In truth, both sets of numbers are largely beside the point. The real issue for the stock, as JPMorgan analyst Ken Goldman puts it, is that Kraft Heinz "has yet to prove it can thrive in a non-Covid-19 world."

Americans are eating more at home and putting less emphasis on healthy diets, naturally leading to higher consumption of products like boxed macaroni and cheese. Once things return to a more normal state, Kraft Heinz will still be left with the task it had before the pandemic: updating its aging brands to retain their appeal to consumers. Oscar Mayer and Maxwell House are clear examples of this, but there are many more in the company's stable, from Jell-O to Capri Sun.

Here there remains cause for concern. In 2019, the last period for which detailed data was available, Kraft Heinz spent only 0.4% of sales on research and development, compared with around 1% at peer companies, according to calculations by Bernstein analyst Alexia Howard. Similarly it spent just 2% of sales on advertising compared with 4% at its rivals, Ms. Howard notes.

The hope is that the coronavirus windfall gives Kraft Heinz ammunition to make the necessary investments. But this is also true of its competitors. Company executives said Thursday that they plan a 40% bump in media spending in the second half of the year, but added that this would be offset with marketing cuts elsewhere.

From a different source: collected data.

text \<open>
  The graph on \<open>{0..<n}\<close> is the union, over all scales \<open>2^i\<close> and all pairs of adjacent aligned
  blocks of length \<open>2^i\<close>, of a bipartite expander of in-degree \<open>O(m\<^sup>2)\<close> from the left block to the
  right one; such expanders exist by a counting argument, and each node is the head of edges at
  \<open>O(log n)\<close> scales only.

  Let \<open>T\<close> be the set of nodes surviving a deletion, and call \<open>u \<in> T\<close> forward (backward) dense if
  every interval starting (ending) at \<open>u\<close> keeps a \<open>1/K\<close> fraction of its nodes in \<open>T\<close>, where
  \<open>m = 8K\<close>. By induction on the scale, a forward dense \<open>u\<close> reaches inside \<open>T\<close> all but at most
  \<open>2^i/(4K)\<close> of the nodes of \<open>T\<close> between \<open>u\<close> and the end of the next aligned \<open>2^i\<close>-block, and
  symmetrically for backward dense nodes. At the scale where the windows of \<open>u < v\<close> meet, either
  they overlap in a large part of \<open>T\<close>, or the nodes reached from \<open>u\<close> and those reaching \<open>v\<close> are
  large subsets of adjacent blocks and hence joined by an expander edge. So the nodes that are both
  forward and backward dense lie on a single path, while a covering argument shows that at most
  \<open>2n/(K - 1)\<close> nodes of \<open>T\<close> fail to be dense. Hence deleting \<open>e\<close> nodes leaves depth at least
  \<open>n - e - 2n/(K - 1) \<ge> n - e - \<epsilon>n\<close> once \<open>K - 1 \<ge> 2/\<epsilon>\<close>.
\<close>

section \<open>Paths and depth\<close>

lemma is_path_Nil [simp]: "\<not> is_path V E []"
  by (simp add: is_path_def)

lemma is_path_singleton [simp]: "is_path V E [x] \<longleftrightarrow> x \<in> V"
  by (simp add: is_path_def)

lemma is_path_Cons_Cons:
  "is_path V E (x # y # p) \<longleftrightarrow> x \<in> V \<and> (x, y) \<in> E \<and> is_path V E (y # p)"
  unfolding is_path_def by (auto simp: less_Suc_eq_0_disj)

lemma is_path_append:
  "is_path V E p \<Longrightarrow> is_path V E q \<Longrightarrow> last p = hd q \<Longrightarrow> is_path V E (p @ tl q)"
proof (induction p rule: induct_list012)
  case (3 x y p)
  then show ?case by (simp add: is_path_Cons_Cons)
qed (auto simp: is_path_def)

lemma rtrancl_imp_path:
  assumes "(a, b) \<in> (E \<inter> T \<times> T)\<^sup>*" "a \<in> T"
  shows "\<exists>p. is_path T E p \<and> hd p = a \<and> last p = b"
  using assms(1)
proof (induction rule: rtrancl_induct)
  case base
  then show ?case using assms(2) by (intro exI[of _ "[a]"]) simp
next
  case (step b c)
  then obtain p where p: "is_path T E p" "hd p = a" "last p = b" by blast
  have "is_path T E [b, c]" using step by (auto simp: is_path_Cons_Cons)
  then have "is_path T E (p @ [c])" using is_path_append[OF p(1)] p(3) by fastforce
  with p show ?case by (intro exI[of _ "p @ [c]"]) (auto simp: hd_append)
qed

lemma is_path_sorted:
  fixes p :: "'a :: linorder list"
  assumes "\<forall>(a, b) \<in> E. a < b" "is_path V E p"
  shows "sorted_wrt (<) p"
  using assms(2)
proof (induction p rule: induct_list012)
  case (3 x y p)
  then have "x < y" "sorted_wrt (<) (y # p)" using assms(1) by (auto simp: is_path_Cons_Cons)
  then show ?case by auto
qed auto
lemma chart_pullback_of_cball_supported:
  fixes A :: "('m::t2_space set \<times> ('m \<Rightarrow> 'e::euclidean_space)) set"
  assumes atlas: "smooth_atlas A" and chart: "(U, \<phi>) \<in> A"
    and S: "open S" "cball c \<rho> \<subseteq> S" "S \<subseteq> \<phi> ` U"
    and g: "smooth_on S g" "\<And>z. z \<notin> cball c \<rho> \<Longrightarrow> g z = 0"
  shows "smooth_fun A (chart_pullback U \<phi> g)"
    and "supp (chart_pullback U \<phi> g) \<subseteq> inv_into U \<phi> ` cball c \<rho>"
    and "compact (inv_into U \<phi> ` cball c \<rho>)"
proof -
  show compact: "compact (inv_into U \<phi> ` cball c \<rho>)"
    using S by (intro compact_chart_preimage[OF atlas chart]) auto
  show "smooth_fun A (chart_pullback U \<phi> g)"
    by (rule smooth_fun_chart_pullback[OF atlas chart S g])
  show "supp (chart_pullback U \<phi> g) \<subseteq> inv_into U \<phi> ` cball c \<rho>"
    using supp_chart_pullback[OF atlas chart, where C="cball c \<rho>" and g=g] g(2)
      compact_imp_closed[OF compact] by blast
qed

lemma chart_ball_nonvanishing:
  assumes atlas: "smooth_atlas A" and f: "smooth_fun A f" "f p \<noteq> 0"
  obtains U \<phi> R where "(U, \<phi>) \<in> A" "p \<in> U" "R > 0" "ball (\<phi> p) R \<subseteq> \<phi> ` U"
    "\<And>z. z \<in> ball (\<phi> p) R \<Longrightarrow> f (inv_into U \<phi> z) \<noteq> 0"
proof -
  obtain U \<phi> where chart: "(U, \<phi>) \<in> A" "p \<in> U"
    using smooth_atlas_covers[OF atlas] .
  have center: "\<phi> p \<in> \<phi> ` U"
    using chart(2) by simp
  have "smooth_on (\<phi> ` U) (f \<circ> inv_into U \<phi>)"
    using f(1) chart(1) unfolding smooth_fun_def by blast
  then have "continuous (at (\<phi> p)) (f \<circ> inv_into U \<phi>)"
    by (intro differentiable_imp_continuous_within smooth_on_differentiable[OF _ center])
  moreover have "(f \<circ> inv_into U \<phi>) (\<phi> p) \<noteq> 0"
    using f(2) inv_into_chart_image[OF atlas chart] by simp
  ultimately obtain e1 where e1: "e1 > 0" "\<And>z. dist (\<phi> p) z < e1 \<Longrightarrow> (f \<circ> inv_into U \<phi>) z \<noteq> 0"
    using continuous_at_avoid by blast
  obtain e2 where e2: "e2 > 0" "ball (\<phi> p) e2 \<subseteq> \<phi> ` U"
    using smooth_atlas_chart(2)[OF atlas chart(1)] center open_contains_ball by blast
  show thesis
    using e1 e2 by (intro that[OF chart, of "min e1 e2"]) (auto simp: subset_iff)
qed

lemma inv_into_image_subset: "C \<subseteq> \<phi> ` U \<Longrightarrow> y \<in> inv_into U \<phi> ` C \<Longrightarrow> y \<in> U \<and> \<phi> y \<in> C"
  by (auto simp: inv_into_into f_inv_into_f)

lemma chart_pullback_cutoff:
  fixes A :: "('m::t2_space set \<times> ('m \<Rightarrow> 'e::euclidean_space)) set"
  assumes atlas: "smooth_atlas A" and chart: "(U, \<phi>) \<in> A" and ball: "ball c R \<subseteq> \<phi> ` U"
    and r: "0 < r1" "r1 < r2" "r2 < R"
  shows "smooth_fun A (chart_pullback U \<phi> (cutoff c r1 r2))"
    and "supp (chart_pullback U \<phi> (cutoff c r1 r2)) \<subseteq> inv_into U \<phi> ` cball c r2"
    and "compact (inv_into U \<phi> ` cball c r2)"
proof -
  have "cball c r2 \<subseteq> ball c R"
    using r by auto
  moreover have "smooth_on (ball c R) (cutoff c r1 r2)"
    by (rule smooth_on_subset[OF subset_UNIV smooth_on_cutoff[OF r(1,2)]])
  moreover have "cutoff c r1 r2 z = 0" if "z \<notin> cball c r2" for z
    using that r by (intro cutoff_eq_0) (auto simp: dist_commute)
  ultimately show "smooth_fun A (chart_pullback U \<phi> (cutoff c r1 r2))"
    and "supp (chart_pullback U \<phi> (cutoff c r1 r2)) \<subseteq> inv_into U \<phi> ` cball c r2"
    and "compact (inv_into U \<phi> ` cball c r2)"
    using chart_pullback_of_cball_supported[OF atlas chart open_ball _ ball] by blast+
qed

lemma chart_pullback_local_inverse:
  fixes A :: "('m::t2_space set \<times> ('m \<Rightarrow> 'e::euclidean_space)) set"
  assumes atlas: "smooth_atlas A" and chart: "(U, \<phi>) \<in> A" and ball: "ball c R \<subseteq> \<phi> ` U"
    and f: "smooth_fun A f" "\<And>z. z \<in> ball c R \<Longrightarrow> f (inv_into U \<phi> z) \<noteq> 0"
    and r: "0 < r1" "r1 < r2" "r2 < R"
  obtains g where "smooth_fun A g" "\<And>x. x \<in> U \<Longrightarrow> dist c (\<phi> x) < r1 \<Longrightarrow> g x * f x = 1"
proof
  define g where "g = chart_pullback U \<phi> (\<lambda>z. cutoff c r1 r2 z * inverse (f (inv_into U \<phi> z)))"
  have "smooth_on (\<phi> ` U) (f \<circ> inv_into U \<phi>)"
    using f(1) chart unfolding smooth_fun_def by blast
  then have "smooth_on (ball c R) (\<lambda>z. f (inv_into U \<phi> z))"
    using ball by (auto simp: comp_def intro: smooth_on_subset)
  then have "smooth_on (ball c R) (\<lambda>z. inverse (f (inv_into U \<phi> z)))"
    using f(2) by (intro smooth_on_compose[OF open_ball _ smooth_on_inverse]) auto
  moreover have "smooth_on (ball c R) (cutoff c r1 r2)"
    by (rule smooth_on_subset[OF subset_UNIV smooth_on_cutoff[OF r(1,2)]])
  ultimately show "smooth_fun A g"
    unfolding g_def using r
    by (intro chart_pullback_of_cball_supported(1)[OF atlas chart open_ball _ ball, of c r2]
        smooth_on_mult[OF open_ball]) (auto intro: cutoff_eq_0 simp: dist_commute)
  show "g x * f x = 1" if "x \<in> U" "dist c (\<phi> x) < r1" for x
  proof -
    have "f x \<noteq> 0"
      using f(2)[of "\<phi> x"] that r inv_into_chart_image[OF atlas chart] by (simp add: dist_commute)
    moreover have "cutoff c r1 r2 (\<phi> x) = 1"
      using that r by (intro cutoff_eq_1) (auto simp: dist_commute)
    ultimately show ?thesis
      using that inv_into_chart_image[OF atlas chart] by (simp add: g_def chart_pullback_def)
  qed
qed

text \<open>The bump, the cutoff and the inverse are pulled back from cutoffs on concentric balls of
  radii \<open>r\<close>, \<open>3r\<close> and \<open>5r\<close> in one chart, inside a ball of radius \<open>6r\<close> on which \<open>f\<close> does not
  vanish.\<close>

lemma local_inverse_cutoffs:
  fixes A :: "('m::t2_space set \<times> ('m \<Rightarrow> 'e::euclidean_space)) set"
  assumes atlas: "smooth_atlas A" and f: "smooth_fun A f" "f p \<noteq> 0"
  obtains \<beta> N \<theta> g where "smooth_fun A \<beta>" "\<beta> p \<noteq> 0" "compact (supp \<beta>)" "supp \<beta> \<subseteq> N"
    "open N" "smooth_fun A \<theta>" "\<And>x. x \<in> N \<Longrightarrow> \<theta> x = 1"
    "smooth_fun A g" "\<And>x. x \<in> supp \<theta> \<Longrightarrow> g x * f x = 1"
proof -
  obtain U \<phi> R where chart: "(U, \<phi>) \<in> A" "p \<in> U" and R: "R > 0" "ball (\<phi> p) R \<subseteq> \<phi> ` U"
    and f_nz: "\<And>z. z \<in> ball (\<phi> p) R \<Longrightarrow> f (inv_into U \<phi> z) \<noteq> 0"
    using chart_ball_nonvanishing[OF atlas f] by blast
  define c r where "c = \<phi> p" and "r = R / 6"
  note ball = R(2)[folded c_def]
  have r: "r > 0" "5 * r < R"
    using R(1) by (simp_all add: r_def)
  have in_chart: "y \<in> U \<and> dist c (\<phi> y) \<le> \<rho>" if "y \<in> inv_into U \<phi> ` cball c \<rho>" "\<rho> \<le> 5 * r" for y \<rho>
  proof -
    have "cball c \<rho> \<subseteq> \<phi> ` U"
      using ball r that(2) by (auto simp: subset_iff)
    then show ?thesis
      using inv_into_image_subset[OF _ that(1)] by simp
  qed
  obtain g where g: "smooth_fun A g" "\<And>x. x \<in> U \<Longrightarrow> dist c (\<phi> x) < 4 * r \<Longrightarrow> g x * f x = 1"
    using chart_pullback_local_inverse[OF atlas chart(1) ball f(1) f_nz[folded c_def],
        of "4 * r" "5 * r"] r
    by auto
  define \<beta> where "\<beta> = chart_pullback U \<phi> (cutoff c (r / 2) r)"
  define \<theta> where "\<theta> = chart_pullback U \<phi> (cutoff c (2 * r) (3 * r))"
  define N where "N = U \<inter> \<phi> -` ball c (2 * r)"
  have "smooth_fun A \<beta>" "supp \<beta> \<subseteq> inv_into U \<phi> ` cball c r" "compact (inv_into U \<phi> ` cball c r)"
    using chart_pullback_cutoff[OF atlas chart(1) ball, of "r / 2" r] r by (simp_all add: \<beta>_def)
  moreover have "\<beta> p = 1"
    using chart(2) r by (simp add: \<beta>_def chart_pullback_def c_def cutoff_eq_1)
  moreover have "inv_into U \<phi> ` cball c r \<subseteq> N"
  proof
    fix y assume "y \<in> inv_into U \<phi> ` cball c r"
    then show "y \<in> N"
      using in_chart[of y r] r by (simp add: N_def dist_commute)
  qed
  moreover have "open N"
    unfolding N_def using smooth_atlas_chart[OF atlas chart(1)]
    by (intro continuous_open_preimage) (auto simp: homeomorphism_def)
  moreover have "smooth_fun A \<theta>" "supp \<theta> \<subseteq> inv_into U \<phi> ` cball c (3 * r)"
    using chart_pullback_cutoff[OF atlas chart(1) ball, of "2 * r" "3 * r"] r
    by (simp_all add: \<theta>_def)
  moreover have "\<theta> x = 1" if "x \<in> N" for x
    using that r by (auto simp: \<theta>_def N_def chart_pullback_def dist_commute intro!: cutoff_eq_1)
  moreover have "g x * f x = 1" if "x \<in> inv_into U \<phi> ` cball c (3 * r)" for x
    using in_chart[OF that] r g(2)[of x] by simp
  ultimately show thesis
    using g(1) by (intro that[of \<beta> N \<theta> g]) (auto intro: compact_supp_subset)
qed

lemma smooth_bump_exists:
  fixes A :: "('m::t2_space set \<times> ('m \<Rightarrow> 'e::euclidean_space)) set"
  assumes "smooth_atlas A"
  obtains \<beta> where "smooth_fun A \<beta>" "compact (supp \<beta>)" "\<beta> p \<noteq> 0"
proof -
  have "smooth_fun A (\<lambda>x. 1)" "(\<lambda>x. 1 :: complex) p \<noteq> 0"
    by (simp_all add: smooth_fun_const)
  then show thesis
    using local_inverse_cutoffs[OF assms] that by metis
qed

section \<open>Nonnegative formal power series\<close>

text \<open>A formal Cauchy-Schwarz argument: if \<open>\<alpha>\<^sub>m\<close>, \<open>\<beta>\<^sub>m\<close> are the lowest coefficients not both
  zero, the choice \<open>N = m + 1\<close> makes \<open>c \<alpha>\<^sub>m + cnj c \<beta>\<^sub>m\<close> the lowest coefficient of the
  nonnegative series below, so it must be positive whenever it is nonzero; this fails for one of
  \<open>c = \<plusminus>1\<close> or for one of \<open>c = \<plusminus>\<i>\<close>.\<close>

lemma fps_nonneg_perturbation_lowest_coeff:
  fixes \<alpha> \<beta> \<gamma> :: "complex fps"
  assumes nonneg: "fps_nonneg (fps_const c * (fps_X ^ Suc m * \<alpha>)
      + fps_const (cnj c) * (fps_X ^ Suc m * \<beta>)
      + fps_const (c * cnj c) * (fps_X ^ (2 * Suc m) * \<gamma>))"
    and below: "\<And>i. i < m \<Longrightarrow> fps_nth \<alpha> i = 0 \<and> fps_nth \<beta> i = 0"
    and nonzero: "c * fps_nth \<alpha> m + cnj c * fps_nth \<beta> m \<noteq> 0"
  shows "Re (c * fps_nth \<alpha> m + cnj c * fps_nth \<beta> m) > 0"
proof -
  define N where "N = Suc m"
  define D where "D = fps_const c * (fps_X ^ N * \<alpha>) + fps_const (cnj c) * (fps_X ^ N * \<beta>)
      + fps_const (c * cnj c) * (fps_X ^ (2 * N) * \<gamma>)"
  have coeff: "fps_nth D j =
      (if j < N then 0 else c * fps_nth \<alpha> (j - N) + cnj c * fps_nth \<beta> (j - N))
      + (if j < 2 * N then 0 else c * cnj c * fps_nth \<gamma> (j - 2 * N))" for j
    unfolding D_def by (simp add: fps_X_power_mult_nth)
  have D_lowest: "fps_nth D (N + m) = c * fps_nth \<alpha> m + cnj c * fps_nth \<beta> m"
    unfolding coeff by (simp add: N_def)
  have D_below: "fps_nth D i = 0" if "i < N + m" for i
  proof -
    have "i < 2 * N" "i < N \<or> i - N < m"
      using that by (auto simp: N_def)
    then show ?thesis
      unfolding coeff using below by auto
  qed
  have "subdegree D = N + m"
    by (rule subdegreeI) (use D_lowest nonzero D_below in auto)
  moreover have "D \<noteq> 0"
    using D_lowest nonzero by auto
  moreover have "fps_nonneg D"
    using nonneg unfolding D_def N_def .
  ultimately show ?thesis
    unfolding fps_nonneg_def D_lowest[symmetric] by auto
qed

Even if it wasn't being offset, the increase wouldn't be enough to close the gap with rivals.

And while margins have risen during the pandemic, Chief Financial Officer Paulo Basilio warned on a conference call Thursday that they would likely return to around year-ago levels in the current fiscal quarter, driven by higher commodity prices and other cost pressures.

Mr. Basilio stressed that Kraft Heinz remains "in the first year of a multiyear turnaround." Investors should keep that in mind before bidding up the stock any further.